After suppression of the priory, in 1543 the site was given by the King to Archbishop Thomas Cranmer. In the time of Charles I, a plain but substantial hall was built on the priory land. The front doorway which is dated 1585, has been removed from some older building. In 1822 the hall was occupied as a farm house and was the property of the Earl of Harewood. In the parish records it is described as "a large well-built, square house, on a fine elevation above the river". Despite the loss of the ancient buildings, the 1822 records have an entry that states: "ARTHINGTON NUNNERY, in the parish of Adel, upper-division of Skyrack, and adjoins the village of Arthington". This probably refers to The Nunnery, a farmhouse which is said to stand on the foundations and lower courses of the priory church. Its farm buildings were possibly built over the monastery buildings.

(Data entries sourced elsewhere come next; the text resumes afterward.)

(* Let $S$ be a $\tau$-mutation system over $\mathcal{A}=\{a_0,\dots,a_{d-1}\}$ with starting word $w$ of length $m$, fix $k\in\mathbb{N}$ with $m\ge k$, and let $\mathbf{M}^{(k)}$ be the $k$-substitution matrix. Then for every $n\in\mathbb{N}$, \[\mathbb{E}\big[\mathbf{fr}^{(k)}_{S(n)}\big]=\frac{\mathbb{E}\big[\mathbf{ct}^{(k)}_{S(n)}\big]}{m+n(\tau-1)}=\frac{1}{m+n(\tau-1)}\prod_{j=0}^{n-1}\frac{1}{m+j(\tau-1)}\Big(\mathbf{M}^{(k)}+(m+j(\tau-1)-k)\mathbf{I}\Big)\mathbf{ct}^{(k)}_w .\]
   Context: Let $\mathcal{A}=\{a_0,\dots,a_{d-1}\}$ be a finite alphabet and $\mathcal{A}^\star$ the set of finite nonempty words. A mutation law assigns to each $a_t$ a finitely supported probability distribution $\mathbb{P}_{a_t}$ on $\mathcal{A}^\star$; $\vartheta(a_t)$ is a random word with law $\mathbb{P}_{a_t}$; it is a $\tau$-mutation law if every $\mathbb{P}_{a_t}$ is supported on $\mathcal{A}^\tau$. A mutation step on $w=w_0\cdots w_{m-1}$ picks $i$ uniformly in $\{0,\dots,m-1\}$ and replaces $w_i$ by an independent sample of $\vartheta(w_i)$. A mutation system: $S(0)=w$, $S(n)=\vartheta(S(n-1))$ with independent randomness at each step. $\mathrm{ct}_v(u)$ is the number of $i\in\{0,\dots,|v|-1\}$ with $v_i\cdots v_{i+|u|-1}=u$ (indices cyclic mod $|v|$); $\mathbf{ct}^{(k)}_v=(\mathrm{ct}_v(u))_{u\in\mathcal{A}^k}$ in lexicographic order, $\mathbf{fr}^{(k)}_v=\mathbf{ct}^{(k)}_v/|v|$. The $k$-substitution matrix $\mathbf{M}^{(k)}$ is the $d^k\times d^k$ matrix with \[\mathbf{M}^{(k)}_{u,v}=\sum_{l\ge1}\sum_{\eta\in\mathcal{A}^l}\sum_{t\in[d]}\Pr(\vartheta(a_t)=\eta)\Big(\sum_{j=1}^{k-1}\mathbb{1}[v_j=a_t]\,\mathbb{1}\big[(v_0\cdots v_{j-1}\eta v_{j+1}\cdots v_{k-1})_{[k]}=u\big]+\sum_{j=0}^{l-1}\mathbb{1}[v_0=a_t]\,\mathbb{1}\big[(\eta v_1\cdots v_{k-1})_{j+[k]}=u\big]\Big),\] where $x_{j+[k]}=x_j\cdots x_{j+k-1}$ and $x_{[k]}$ is the first $k$ symbols of $x$. *)

theory Defs
  imports "HOL-Probability.Probability"
begin

(* Alphabet A = {a_0,...,a_{d-1}} is encoded as {0..<d} (a_t = t); words are nat lists. *)

definition words :: "nat \<Rightarrow> nat \<Rightarrow> nat list set" where
  "words d k = {u. length u = k \<and> set u \<subseteq> {..<d}}"

definition mutation_law :: "nat \<Rightarrow> (nat \<Rightarrow> nat list pmf) \<Rightarrow> bool" where
  "mutation_law d P \<longleftrightarrow> (\<forall>t<d. finite (set_pmf (P t)) \<and>
      (\<forall>\<eta>\<in>set_pmf (P t). \<eta> \<noteq> [] \<and> set \<eta> \<subseteq> {..<d}))"

definition tau_mutation_law :: "nat \<Rightarrow> nat \<Rightarrow> (nat \<Rightarrow> nat list pmf) \<Rightarrow> bool" where
  "tau_mutation_law d \<tau> P \<longleftrightarrow> mutation_law d P \<and>
      (\<forall>t<d. \<forall>\<eta>\<in>set_pmf (P t). length \<eta> = \<tau>)"
definition tau :: "real \<Rightarrow> (('d::{finite,linorder},'n::finite) xinf \<Rightarrow> complex) \<Rightarrow> ('d,'n) xinf \<Rightarrow> complex" where
  "tau t F x = (if x \<in> Xinf then F (PhiInf t x) else 0)"

lemma tau_lift: "lattice l \<Longrightarrow> tau t (lift l f) = lift l (f \<circ> Phi l t)"
  by (auto simp: tau_def lift_comp_PhiInf fun_eq_iff lift_def[of l "f \<circ> Phi l t"])

lemma tau_A0inf:
  assumes F: "F \<in> A0inf"
  shows "tau t F \<in> A0inf"
  unfolding A0inf_def
proof (intro CollectI conjI allI impI)
  fix \<epsilon> :: real assume "\<epsilon> > 0"
  then obtain l h where l: "lattice l" and h: "h \<in> A0span l"
    and approx: "\<forall>x\<in>Xinf. cmod (F x - lift l h x) \<le> \<epsilon>"
    using F unfolding A0inf_def by blast
  obtain h' where h': "h' \<in> A0span l" "\<forall>y\<in>Xl l. h' y = h (Phi l t y)"
    using A0span_comp_Phi[OF h] by blast
  have "lift l h' x = lift l h (PhiInf t x)" if "x \<in> Xinf" for x
  proof -
    have "lift l h' x = lift l (h \<circ> Phi l t) x"
      using h'(2) Xinf_component[OF that l] by (simp add: lift_def)
    also have "\<dots> = lift l h (PhiInf t x)"
      by (rule lift_comp_PhiInf[OF l that, symmetric])
    finally show ?thesis .
  qed
  then have "\<forall>x\<in>Xinf. cmod (tau t F x - lift l h' x) \<le> \<epsilon>"
    by (simp add: tau_def approx PhiInf_in_Xinf)
  then show "\<exists>l h. lattice l \<and> h \<in> A0span l \<and> (\<forall>x\<in>Xinf. cmod (tau t F x - lift l h x) \<le> \<epsilon>)"
    using l h'(1) by blast
qed (simp add: tau_def)

theorem mainTheorem4:
  fixes t :: real
  shows "\<exists>\<tau> :: (('d::{finite,linorder},'n::finite) xinf \<Rightarrow> complex) \<Rightarrow> (('d,'n) xinf \<Rightarrow> complex).
           (\<forall>F\<in>A0inf. \<tau> F \<in> A0inf) \<and>
           (\<forall>l (f :: ('d,'n) state \<Rightarrow> complex). lattice l \<and> f \<in> A0l l \<longrightarrow>
               \<tau> (lift l f) = lift l (f \<circ> Phi l t))"
  using tau_A0inf tau_lift by blast

end
(* Let $\rho\in V_0$ be dominant. Then the linear map $\Psi:\mathcal B=\bigoplus_d\mathcal B_d\to\overline{\mathcal B}=\bigoplus_d\overline{\mathcal B}_d$ (induced by the isomorphisms $\mathcal B_d\to\overline{\mathcal B}_d$) is an isomorphism of algebras, and with $\psi:\mathcal P^W=\bigoplus_d\mathcal P^W_d\to\overline{\mathcal P}^W$ (induced by the isomorphisms $\mathcal P^W_d\to\overline{\mathcal P}^W_d$) one has $$\psi(Xh)=\Psi(X)\,\psi(h)\qquad\text{for all }X\in\mathcal B,\ h\in\mathcal P^W.$$
   Context: Setting: $V$ is a finite-dimensional complex vector space, $W\subseteq GL(V)$ a finite reflection group, $\Lambda_+\subseteq V$ a finitely generated submonoid whose minimal set of generators $\Sigma^\vee$ is a basis of $V$, and $\ell:V\to\mathbb C$ a $W$-invariant linear form with $\ell(\Lambda_+)\subseteq\mathbb N$; these data satisfy the axioms of F. Knop, "Construction of commuting difference operators for multiplicity free spaces" (the combinatorial data attached to multiplicity free representations). Notation: $\Gamma^\vee=\mathbb Z\Lambda_+$, $\Gamma\subseteq V^\vee$ its dual lattice, $\Sigma\subseteq V^\vee$ the dual basis of $\Sigma^\vee$, $\Phi=\bigcup_{w\in W}w\Sigma$, $\Delta\subseteq\Gamma$ the root system of $W$ with roots primitive in $\Gamma$, $\Delta^+=\{\alpha\in\Delta:\alpha(\Sigma^\vee)\ge0\}$, $\Lambda_1=\{w\eta:w\in W,\eta\in\Sigma^\vee,\ell(\eta)=1\}$. $V_0$ is the set of $\rho\in V$ with $\omega_1(\rho)=\omega_2(\rho)$ whenever $\omega_1,\omega_2\in\Sigma$, $\omega_1\in\pm W\omega_2$; for $\rho\in V_0$, $\omega\in\pm\Phi$, $k_\omega:=\omega_1(\rho)$ with $\omega_1\in(\pm W\omega)\cap\Sigma$. $\rho\in V_0$ is dominant if $\alpha(\rho)\notin\mathbb Z_{<0}$ for all $\alpha\in\Delta^+$. $\mathcal P$ = polynomial functions on $V$. Known: for $\rho$ dominant and $\lambda\in\Lambda_+$ there is a unique $p_\lambda\in\mathcal P^W$ with $\deg p_\lambda\le\ell(\lambda)$ and $p_\lambda(\rho+\mu)=\delta_{\lambda\mu}$ for all $\mu\in\Lambda_+$ with $\ell(\mu)\le\ell(\lambda)$; the $p_\lambda$ with $\ell(\lambda)\le d$ form a basis of $\mathcal P^W_{\le d}=\{p\in\mathcal P^W:\deg p\le d\}$. Difference operators: $[z\downarrow d]=z(z-1)\cdots(z-d+1)$ for $d>0$, $=1$ otherwise; for $\tau\in\Gamma^\vee$, $f_\tau(z)=\prod_{\omega\in\Phi}[\omega(z)-k_\omega\downarrow\omega(\tau)]\big/\prod_{\alpha\in\Delta}[\alpha(z)\downarrow\alpha(\tau)]$; $(T_\eta f)(z)=f(z-\eta)$; $L=\sum_{\eta\in\Lambda_1}f_\eta(z)T_\eta$, which preserves $\mathcal P^W$; with $m_h$ multiplication by $h$, $D_h:=\sum_{n\ge0}\frac1{n!}(\mathrm{ad}L)^n(m_h)$ (finite sum) satisfies $D_h(p_\lambda)=h(\rho+\lambda)p_\lambda$; $E:=D_\ell=m_\ell-L$. For an operator $X$ on $\mathcal P^W$, $X^-(g):=(X(g^-))^-$ with $g^-(z)=g(-z)$; $\mathcal B$ is the algebra of operators on $\mathcal P^W$ generated by all $m_h$, $L$, $L^-$. Filtrations and gradings: $\overline{\mathcal P}^W_d=\mathcal P^W_{\le d}/\mathcal P^W_{\le d-1}$, $\overline{\mathcal P}^W=\bigoplus_d\overline{\mathcal P}^W_d$. For $X\in\mathcal B$, $\deg X:=\max\{\deg X(h)-\deg h: h\in\mathcal P^W\}$; $\mathcal B_{\le d}=\{X\in\mathcal B:\deg X\le d\}$, $\overline{\mathcal B}_d=\mathcal B_{\le d}/\mathcal B_{\le d-1}$, $\overline{\mathcal B}=\bigoplus_d\overline{\mathcal B}_d$ (the associated graded algebra, acting on $\overline{\mathcal P}^W$). $\mathcal P^W_d:=\{h\in\mathcal P^W:E(h)=(d+\ell(\rho))h\}$ (spanned by the $p_\lambda$ with $\ell(\lambda)=d$) and $\mathcal B_d:=\{X\in\mathcal B:[E,X]=dX\}$. It holds that $\mathcal P^W=\bigoplus_d\mathcal P^W_d$, $\mathcal P^W_{\le d}=\bigoplus_{i\le d}\mathcal P^W_i$, $\mathcal B=\bigoplus_d\mathcal B_d$ and $\mathcal B_{\le d}=\bigoplus_{i\le d}\mathcal B_i$, so the projections $\mathcal P^W_d\to\overline{\mathcal P}^W_d$ and $\mathcal B_d\to\overline{\mathcal B}_d$ are isomorphisms. *)

theory Defs
  imports "HOL-Analysis.Analysis" "HOL-Library.Function_Algebras"
begin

Arthington Hall is an 18th century neo-classical mansion built on part of the former Priory site. After a fire in the late 18th century, it was remodelled by John Carr. In 1842, the hall was sold to the Sheepshanks family of wool merchants, who had it extended by Alfred Waterhouse in 1875. The hall was further extended in 1908 and later used as a convalescent home during World War II. The hall is a Grade II* listed building. As of October 2023, it is on sale with a guide price of £7.5 million.

==The Prioresses==
The Prioresses were as follows:

- Sara – 1241
- Eleanor – 1299
- Maud de Kesewik – died 1299
- Agnes de Skrevin – 1299–1302 (resigned)
- Agnes de Pontefract – 1302
- Isabella de Berghby – 1311 (demoted after leaving the priory without permission)
- Maud de Batheley – 1312
- Isabella Dautry – died 1349
- Isabella de Berughby – 1349
- Isabel de Eccope – between 1413–20
- Sibil Plesyngton – 1437
- Alice Raucestre – died 1463
- Marjorie Craven – 1463
- Katherine Willesthorp – 1475 (died 1484)
- Alice Mawde – 1484 (died 149)
- Elizabeth Popeley – 1492 (deprived 1494)
- Margaret Turton – 1494 (died 1496)
- Alice Hall – 1496
- Elizabeth Hall – 1532 – Priory surrendered 1540

1543: property given to Thomas Cranmer.